Although the loop-erasing procedure is well-defined for discrete processes, there is no analogous notion of "loop-erased Brownian motion" since loops exist at arbitrarily small scales. Lawler-Schramm-Werner [5] recently showed that the scaling limit of loop-erased random walk in the plane is SLE2. In mid-2003, Lawler-Werner [7] introduced the Brownian loop soup in which a Poissonian cloud of bubbles is added to an SLE2 path to produce a Brownian motion. To date, SLE2 is the best possibility for what might be termed "loop-erased Brownian motion."

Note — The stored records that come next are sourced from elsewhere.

(* Let $c>0$, $f_{\text{Nyq}}>0$, $B>0$, $M\ge 1$, and let $u(t)=\sum_{i=1}^{M}s_i(t)e^{j2\pi f_i t}$ be a signal in the class $\mathcal{M}_1$ described in the context, with common known angle of arrival $\theta\neq 90^\circ$. Consider a uniform linear array of $N$ sensors with spacing $d<\frac{c}{|\cos\theta|\,f_{\text{Nyq}}}$, with delays $\tau_n=\frac{dn}{c}\cos\theta$, steering matrix $\mathbf{A}=\mathbf{A}(\boldsymbol{f})\in\mathbb{C}^{N\times M}$ with entries $A_{n,i}=e^{j2\pi f_i\tau_n}$ ($n=1,\dots,N$, $i=1,\dots,M$), and measurements $\mathbf{x}[k]=\mathbf{A}(\boldsymbol{f})\mathbf{w}[k]$, $k\in\mathbb{Z}$, where $\boldsymbol{f}=(f_1,\dots,f_M)^T$ and $\mathbf{w}[k]\in\mathbb{C}^M$. If (c1) $N>2M-\dim(\mathrm{span}(\mathbf{w}))$ and (c2) $\dim(\mathrm{span}(\mathbf{w}))\ge 1$, then the equation $\mathbf{x}[k]=\mathbf{A}(\boldsymbol{f})\mathbf{w}[k]$, $k\in\mathbb{Z}$, has a unique solution $(\boldsymbol{f},\mathbf{w})$ (with carriers in $[-f_{\text{Nyq}}/2,f_{\text{Nyq}}/2]$, distinct, and up to a common relabeling of the indices $i$).
   Context: Class $\mathcal{M}_1$: $u(t)=\sum_{i=1}^M s_i(t)e^{j2\pi f_i t}$ is complex valued with Fourier transform supported in $\mathcal{F}=[-f_{\text{Nyq}}/2,f_{\text{Nyq}}/2]$; each $s_i$ has Fourier transform $S_i$ supported in $[-B/2,B/2]$; the carriers satisfy $\min_{i\neq j}|f_i-f_j|>B$; all transmissions arrive at the array with the same known angle $\theta\neq 90^\circ$. Sampling system: the signal received at sensor $n$ is modeled (narrowband approximation) as $u_n(t)=\sum_{i=1}^M s_i(t)e^{j2\pi f_i(t+\tau_n)}$; each sensor multiplies $u_n(t)$ by the same periodic function $p(t)$ of period $T_p=1/f_p$, filters with an ideal low-pass filter of passband $[-f_s/2,f_s/2]$ and samples at rate $f_s=1/T_s$, yielding $x_n[k]$. Then $x_n[k]=\sum_{i=1}^M e^{j2\pi f_i\tau_n}w_i[k]$, where $w_i[k]=\tilde s_i(kT_s)$ and $\tilde s_i$ is the low-pass filtered version of $s_i(t)e^{j2\pi f_i t}p(t)$; $\mathbf{x}[k]=(x_1[k],\dots,x_N[k])^T$, $\mathbf{w}[k]=(w_1[k],\dots,w_M[k])^T$. $\dim(\mathrm{span}(\mathbf{w}))$ denotes the dimension of the linear span of $\{\mathbf{w}[k]:k\in\mathbb{Z}\}\subset\mathbb{C}^M$. *)

theory Defs
  imports "HOL-Analysis.Analysis" "HOL-Library.Function_Algebras"
begin

definition tau :: "real \<Rightarrow> real \<Rightarrow> real \<Rightarrow> nat \<Rightarrow> real" where
  "tau c d theta n = d * real n / c * cos theta"

definition steer :: "real \<Rightarrow> real \<Rightarrow> real \<Rightarrow> ('m \<Rightarrow> real) \<Rightarrow> nat \<Rightarrow> 'm \<Rightarrow> complex" where
  "steer c d theta f n i = exp (\<i> * complex_of_real (2 * pi * f i * tau c d theta n))"

definition cscale :: "complex \<Rightarrow> ('m \<Rightarrow> complex) \<Rightarrow> ('m \<Rightarrow> complex)" where
  "cscale a v = (\<lambda>i. a * v i)"

lemma vector_space_cscale: "vector_space cscale"
  by unfold_locales (auto simp: cscale_def fun_eq_iff algebra_simps)

definition span_dim :: "(int \<Rightarrow> 'm::finite \<Rightarrow> complex) \<Rightarrow> nat" where
  "span_dim w = vector_space.dim cscale (range w)"

end

theory Submission
  imports Defs
begin

(* With z_i = exp(j 2 pi f_i d cos(theta) / c) the steering matrix is the Vandermonde matrix
   A_{n,i} = z_i^n, and the bound on d makes f |-> z injective on the Nyquist band.  For a second
   solution (f', w'), the measurement equations say that w[k] and -w'[k], re-indexed by carrier
   frequency, combine to a vector on the union U of both carrier sets that lies in the kernel of
   an N x |U| Vandermonde matrix.  If |U| <= N that kernel is trivial, which forces the two
   solutions to agree up to relabelling, since every carrier of f' carries some nonzero w'.
   The case |U| > N is excluded by a dimension count: requiring the combination to vanish at
   the 2M - N coordinates outside N chosen carriers is a linear condition on span(w) that has a
   nonzero solution once dim span(w) > 2M - N, and Vandermonde on the N chosen carriers then
   shows that this nonzero element of span(w) vanishes. *)

lemma exp_ii_2pi_inj_on:
  fixes k a b :: real
  assumes "k \<noteq> 0" and "\<bar>k\<bar> * (b - a) < 1"
  shows "inj_on (\<lambda>u. exp (\<i> * complex_of_real (2 * pi * u * k))) {a..b}"
proof (rule inj_onI)
  fix u v assume u: "u \<in> {a..b}" and v: "v \<in> {a..b}"
    and eq: "exp (\<i> * complex_of_real (2 * pi * u * k)) = exp (\<i> * complex_of_real (2 * pi * v * k))"
  have "exp (\<i> * complex_of_real (2 * pi * ((u - v) * k)))
      = exp (\<i> * complex_of_real (2 * pi * u * k)) / exp (\<i> * complex_of_real (2 * pi * v * k))"
    by (simp add: exp_diff[symmetric] algebra_simps)
  then have "exp (\<i> * complex_of_real (2 * pi * ((u - v) * k))) = 1"
    using eq by simp
  then obtain n :: int where n: "(u - v) * k = of_int n"
    by (auto simp: exp_eq_1)
  have "\<bar>(u - v) * k\<bar> \<le> (b - a) * \<bar>k\<bar>"
    unfolding abs_mult using u v by (intro mult_right_mono) auto
  then have "n = 0" using n assms(2) by (simp add: mult.commute)
  then show "u = v" using n assms(1) by simp
qed

definition phase :: "real \<Rightarrow> real \<Rightarrow> real \<Rightarrow> real \<Rightarrow> complex" where
  "phase c d theta u = exp (\<i> * complex_of_real (2 * pi * u * (d / c * cos theta)))"

lemma steer_eq_phase_power: "steer c d theta f n i = phase c d theta (f i) ^ n"
proof -
  have "steer c d theta f n i
      = exp (of_nat n * (\<i> * complex_of_real (2 * pi * f i * (d / c * cos theta))))"
    unfolding steer_def tau_def by (simp add: algebra_simps)
  then show ?thesis
    unfolding phase_def by (simp only: exp_of_nat_mult)
qed

lemma phase_nonzero: "phase c d theta u \<noteq> 0"
  by (simp add: phase_def)

lemma phase_inj_on:
  assumes "c > 0" "d > 0" "fNyq > 0" "cos theta \<noteq> 0" "d < c / (\<bar>cos theta\<bar> * fNyq)"
  shows "inj_on (phase c d theta) {- fNyq / 2 .. fNyq / 2}"
  unfolding phase_def
proof (rule exp_ii_2pi_inj_on)
  show "d / c * cos theta \<noteq> 0"
    using assms by simp
  have "d * (\<bar>cos theta\<bar> * fNyq) < c"
    using assms by (simp add: field_simps)
  then show "\<bar>d / c * cos theta\<bar> * (fNyq / 2 - - fNyq / 2) < 1"
    using assms by (simp add: abs_mult field_simps)
qed

lemma power_sums_eq_zero_imp_zero:
  fixes z :: "'b \<Rightarrow> 'a::idom"
  assumes "finite E" "card E \<le> N" "inj_on z E" "\<And>u. u \<in> E \<Longrightarrow> z u \<noteq> 0"
    and "\<And>n. n \<in> {1..N} \<Longrightarrow> (\<Sum>u\<in>E. a u * z u ^ n) = 0"
  shows "\<forall>u\<in>E. a u = 0"
  using assms
proof (induction E arbitrary: a N rule: finite_induct)
  case empty
  then show ?case by simp
next
  case (insert u0 E)
  have "\<forall>u\<in>E. a u * (z u - z u0) = 0"
  proof (rule insert.IH[of "N - 1"])
    fix n assume n: "n \<in> {1..N - 1}"
    have e: "(\<Sum>u\<in>E. a u * z u ^ m) = - (a u0 * z u0 ^ m)" if "m \<in> {1..N}" for m
      using insert.prems(4)[OF that] insert.hyps by (simp add: add_eq_0_iff2 add.commute)
    have n_range: "n \<in> {1..N}" "Suc n \<in> {1..N}"
      using n by auto
    have "(\<Sum>u\<in>E. a u * (z u - z u0) * z u ^ n)
        = (\<Sum>u\<in>E. a u * z u ^ Suc n) - z u0 * (\<Sum>u\<in>E. a u * z u ^ n)"
      by (simp add: sum_distrib_left sum_subtractf[symmetric] algebra_simps)
    also have "\<dots> = - (a u0 * z u0 ^ Suc n) - z u0 * - (a u0 * z u0 ^ n)"
      by (simp only: e[OF n_range(1)] e[OF n_range(2)])
    finally show "(\<Sum>u\<in>E. a u * (z u - z u0) * z u ^ n) = 0"
      by (simp add: algebra_simps)
  next
    show "card E \<le> N - 1" using insert.prems(1) insert.hyps by simp
    show "inj_on z E" using insert.prems(2) by simp
  qed (use insert.prems(3) in simp)
  moreover have "z u \<noteq> z u0" if "u \<in> E" for u
    using insert.prems(2) insert.hyps(2) that by (auto simp: inj_on_def)
  ultimately have "\<forall>u\<in>E. a u = 0"
    by simp
  moreover have "a u0 * z u0 + (\<Sum>u\<in>E. a u * z u) = 0"
    using insert.prems(4)[of 1] insert by simp
  ultimately show ?case
    using insert.prems(3) by simp
qed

In [4], it is shown that in Fomin's identity the determinants of the random walk hitting matrices converge in the scaling limit to the determinant of the Brownian excursion hitting matrix. In the future, I would like to study the other part of Fomin's identity, and try to show directly that the probability that a Brownian excursion and an SLE2 each starting and ending at specified points do not intersect is the determinant of the excursion hitting matrix.

Bibliography

[1]
Krzysztof Burdzy.
Multidimensional Brownian excursions and potential theory.
Longman Scientific & Technical, Guildford, UK, 1987.

[2]
Sergey Fomin.
Loop-erased walks and total positivity.
Trans. Amer. Math. Soc., 353:3563-3583, 2001.

[3]
Michael J. Kozdron.
Simple random walk excursion measure in the plane.
Ph.D. dissertation, Duke University, 2004.

[4]
Michael J. Kozdron and Gregory F. Lawler.
Estimates of random walk exit probabilities and application to loop-erased random walk.
Preprint, 2005. Available at arXiv:math.PR\0501189.

[5]
Gregory F. Lawler, Oded Schramm, and Wendelin Werner.
Conformal invariance of planar loop-erased random walks and uniform spanning trees.
Ann. Probab., 32:939-995, 2004.

[6]
Gregory F. Lawler and Wendelin Werner.
Universality for conformally invariant intersection exponents.
J. Eur. Math. Soc., 2:291-328, 2000.

[7]
Gregory F. Lawler and Wendelin Werner.
The Brownian loop soup.
Probab. Theory Related Fields, 131:565-588, 2004.

[8]
L. C. G. Rogers and David Williams.
Diffusions, Markov Processes, and Martingales. Volume 2: Itô Calculus.
Cambridge University Press, Cambridge, UK, second edition, 2002.